■ **WORK TO BE COMPLETED**:
Each record is to be duplicated exactly, with nothing added.

■ **AVAILABLE RECORDS**:
· · · · · · ·

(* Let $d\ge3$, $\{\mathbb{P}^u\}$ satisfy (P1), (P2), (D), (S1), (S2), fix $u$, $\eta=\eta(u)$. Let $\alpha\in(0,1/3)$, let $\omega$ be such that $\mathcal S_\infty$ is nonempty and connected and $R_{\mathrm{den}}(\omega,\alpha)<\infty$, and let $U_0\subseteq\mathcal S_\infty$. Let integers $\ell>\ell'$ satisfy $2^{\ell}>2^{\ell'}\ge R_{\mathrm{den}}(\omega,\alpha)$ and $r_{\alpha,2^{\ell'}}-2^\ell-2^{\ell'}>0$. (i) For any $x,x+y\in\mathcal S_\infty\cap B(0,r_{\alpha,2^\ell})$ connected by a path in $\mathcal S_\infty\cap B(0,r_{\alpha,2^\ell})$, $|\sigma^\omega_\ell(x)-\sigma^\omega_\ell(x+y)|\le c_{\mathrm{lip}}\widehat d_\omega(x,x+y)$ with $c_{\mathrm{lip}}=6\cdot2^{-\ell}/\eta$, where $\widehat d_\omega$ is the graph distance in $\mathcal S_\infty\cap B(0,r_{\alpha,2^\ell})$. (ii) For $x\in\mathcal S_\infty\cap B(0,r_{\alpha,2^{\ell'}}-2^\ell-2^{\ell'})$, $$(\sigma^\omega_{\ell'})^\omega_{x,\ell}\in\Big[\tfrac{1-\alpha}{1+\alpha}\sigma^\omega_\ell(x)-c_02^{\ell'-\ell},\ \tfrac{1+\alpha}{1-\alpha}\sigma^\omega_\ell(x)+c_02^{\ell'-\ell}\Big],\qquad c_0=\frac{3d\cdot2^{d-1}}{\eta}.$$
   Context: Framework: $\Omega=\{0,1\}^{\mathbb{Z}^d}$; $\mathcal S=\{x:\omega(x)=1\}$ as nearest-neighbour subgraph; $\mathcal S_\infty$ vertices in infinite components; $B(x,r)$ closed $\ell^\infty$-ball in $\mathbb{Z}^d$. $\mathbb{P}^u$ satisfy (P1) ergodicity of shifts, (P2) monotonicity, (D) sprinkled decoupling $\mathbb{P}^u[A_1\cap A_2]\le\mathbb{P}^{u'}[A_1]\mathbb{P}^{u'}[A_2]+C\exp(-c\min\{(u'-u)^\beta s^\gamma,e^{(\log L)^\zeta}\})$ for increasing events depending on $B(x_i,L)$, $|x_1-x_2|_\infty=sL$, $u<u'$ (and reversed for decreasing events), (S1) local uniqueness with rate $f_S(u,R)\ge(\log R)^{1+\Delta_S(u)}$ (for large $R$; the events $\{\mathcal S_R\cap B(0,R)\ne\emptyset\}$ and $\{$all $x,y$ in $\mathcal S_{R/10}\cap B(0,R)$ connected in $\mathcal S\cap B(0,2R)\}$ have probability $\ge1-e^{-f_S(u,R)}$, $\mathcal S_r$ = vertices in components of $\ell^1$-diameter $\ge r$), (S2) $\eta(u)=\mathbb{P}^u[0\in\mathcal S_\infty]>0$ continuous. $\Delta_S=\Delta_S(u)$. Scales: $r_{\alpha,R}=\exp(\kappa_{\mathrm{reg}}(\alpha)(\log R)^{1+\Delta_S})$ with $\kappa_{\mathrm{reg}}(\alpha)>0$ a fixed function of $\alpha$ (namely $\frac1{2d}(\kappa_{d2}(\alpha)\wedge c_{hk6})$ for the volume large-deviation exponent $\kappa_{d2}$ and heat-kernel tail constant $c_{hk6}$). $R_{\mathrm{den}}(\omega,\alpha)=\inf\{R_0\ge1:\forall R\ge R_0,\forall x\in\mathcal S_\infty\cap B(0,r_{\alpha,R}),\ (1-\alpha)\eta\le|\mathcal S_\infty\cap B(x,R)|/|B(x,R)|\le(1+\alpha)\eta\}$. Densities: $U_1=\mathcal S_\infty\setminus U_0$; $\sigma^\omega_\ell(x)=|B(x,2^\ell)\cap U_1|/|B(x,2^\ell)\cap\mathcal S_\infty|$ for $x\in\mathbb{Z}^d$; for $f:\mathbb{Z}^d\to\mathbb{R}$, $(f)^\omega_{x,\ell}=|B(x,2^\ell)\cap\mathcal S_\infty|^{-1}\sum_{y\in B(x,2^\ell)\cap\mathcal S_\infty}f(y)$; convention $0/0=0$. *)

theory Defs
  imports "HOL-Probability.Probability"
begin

· · · · · · ·

■ **ANSWER SPACE**:
(* Let $d\ge3$, $\{\mathbb{P}^u\}$ satisfy (P1), (P2), (D), (S1), (S2), fix $u$, $\eta=\eta(u)$. Let $\alpha\in(0,1/3)$, let $\omega$ be such that $\mathcal S_\infty$ is nonempty and connected and $R_{\mathrm{den}}(\omega,\alpha)<\infty$, and let $U_0\subseteq\mathcal S_\infty$. Let integers $\ell>\ell'$ satisfy $2^{\ell}>2^{\ell'}\ge R_{\mathrm{den}}(\omega,\alpha)$ and $r_{\alpha,2^{\ell'}}-2^\ell-2^{\ell'}>0$. (i) For any $x,x+y\in\mathcal S_\infty\cap B(0,r_{\alpha,2^\ell})$ connected by a path in $\mathcal S_\infty\cap B(0,r_{\alpha,2^\ell})$, $|\sigma^\omega_\ell(x)-\sigma^\omega_\ell(x+y)|\le c_{\mathrm{lip}}\widehat d_\omega(x,x+y)$ with $c_{\mathrm{lip}}=6\cdot2^{-\ell}/\eta$, where $\widehat d_\omega$ is the graph distance in $\mathcal S_\infty\cap B(0,r_{\alpha,2^\ell})$. (ii) For $x\in\mathcal S_\infty\cap B(0,r_{\alpha,2^{\ell'}}-2^\ell-2^{\ell'})$, $$(\sigma^\omega_{\ell'})^\omega_{x,\ell}\in\Big[\tfrac{1-\alpha}{1+\alpha}\sigma^\omega_\ell(x)-c_02^{\ell'-\ell},\ \tfrac{1+\alpha}{1-\alpha}\sigma^\omega_\ell(x)+c_02^{\ell'-\ell}\Big],\qquad c_0=\frac{3d\cdot2^{d-1}}{\eta}.$$
   Context: Framework: $\Omega=\{0,1\}^{\mathbb{Z}^d}$; $\mathcal S=\{x:\omega(x)=1\}$ as nearest-neighbour subgraph; $\mathcal S_\infty$ vertices in infinite components; $B(x,r)$ closed $\ell^\infty$-ball in $\mathbb{Z}^d$. $\mathbb{P}^u$ satisfy (P1) ergodicity of shifts, (P2) monotonicity, (D) sprinkled decoupling $\mathbb{P}^u[A_1\cap A_2]\le\mathbb{P}^{u'}[A_1]\mathbb{P}^{u'}[A_2]+C\exp(-c\min\{(u'-u)^\beta s^\gamma,e^{(\log L)^\zeta}\})$ for increasing events depending on $B(x_i,L)$, $|x_1-x_2|_\infty=sL$, $u<u'$ (and reversed for decreasing events), (S1) local uniqueness with rate $f_S(u,R)\ge(\log R)^{1+\Delta_S(u)}$ (for large $R$; the events $\{\mathcal S_R\cap B(0,R)\ne\emptyset\}$ and $\{$all $x,y$ in $\mathcal S_{R/10}\cap B(0,R)$ connected in $\mathcal S\cap B(0,2R)\}$ have probability $\ge1-e^{-f_S(u,R)}$, $\mathcal S_r$ = vertices in components of $\ell^1$-diameter $\ge r$), (S2) $\eta(u)=\mathbb{P}^u[0\in\mathcal S_\infty]>0$ continuous. $\Delta_S=\Delta_S(u)$. Scales: $r_{\alpha,R}=\exp(\kappa_{\mathrm{reg}}(\alpha)(\log R)^{1+\Delta_S})$ with $\kappa_{\mathrm{reg}}(\alpha)>0$ a fixed function of $\alpha$ (namely $\frac1{2d}(\kappa_{d2}(\alpha)\wedge c_{hk6})$ for the volume large-deviation exponent $\kappa_{d2}$ and heat-kernel tail constant $c_{hk6}$). $R_{\mathrm{den}}(\omega,\alpha)=\inf\{R_0\ge1:\forall R\ge R_0,\forall x\in\mathcal S_\infty\cap B(0,r_{\alpha,R}),\ (1-\alpha)\eta\le|\mathcal S_\infty\cap B(x,R)|/|B(x,R)|\le(1+\alpha)\eta\}$. Densities: $U_1=\mathcal S_\infty\setminus U_0$; $\sigma^\omega_\ell(x)=|B(x,2^\ell)\cap U_1|/|B(x,2^\ell)\cap\mathcal S_\infty|$ for $x\in\mathbb{Z}^d$; for $f:\mathbb{Z}^d\to\mathbb{R}$, $(f)^\omega_{x,\ell}=|B(x,2^\ell)\cap\mathcal S_\infty|^{-1}\sum_{y\in B(x,2^\ell)\cap\mathcal S_\infty}f(y)$; convention $0/0=0$. *)

theory Defs
  imports "HOL-Probability.Probability"
begin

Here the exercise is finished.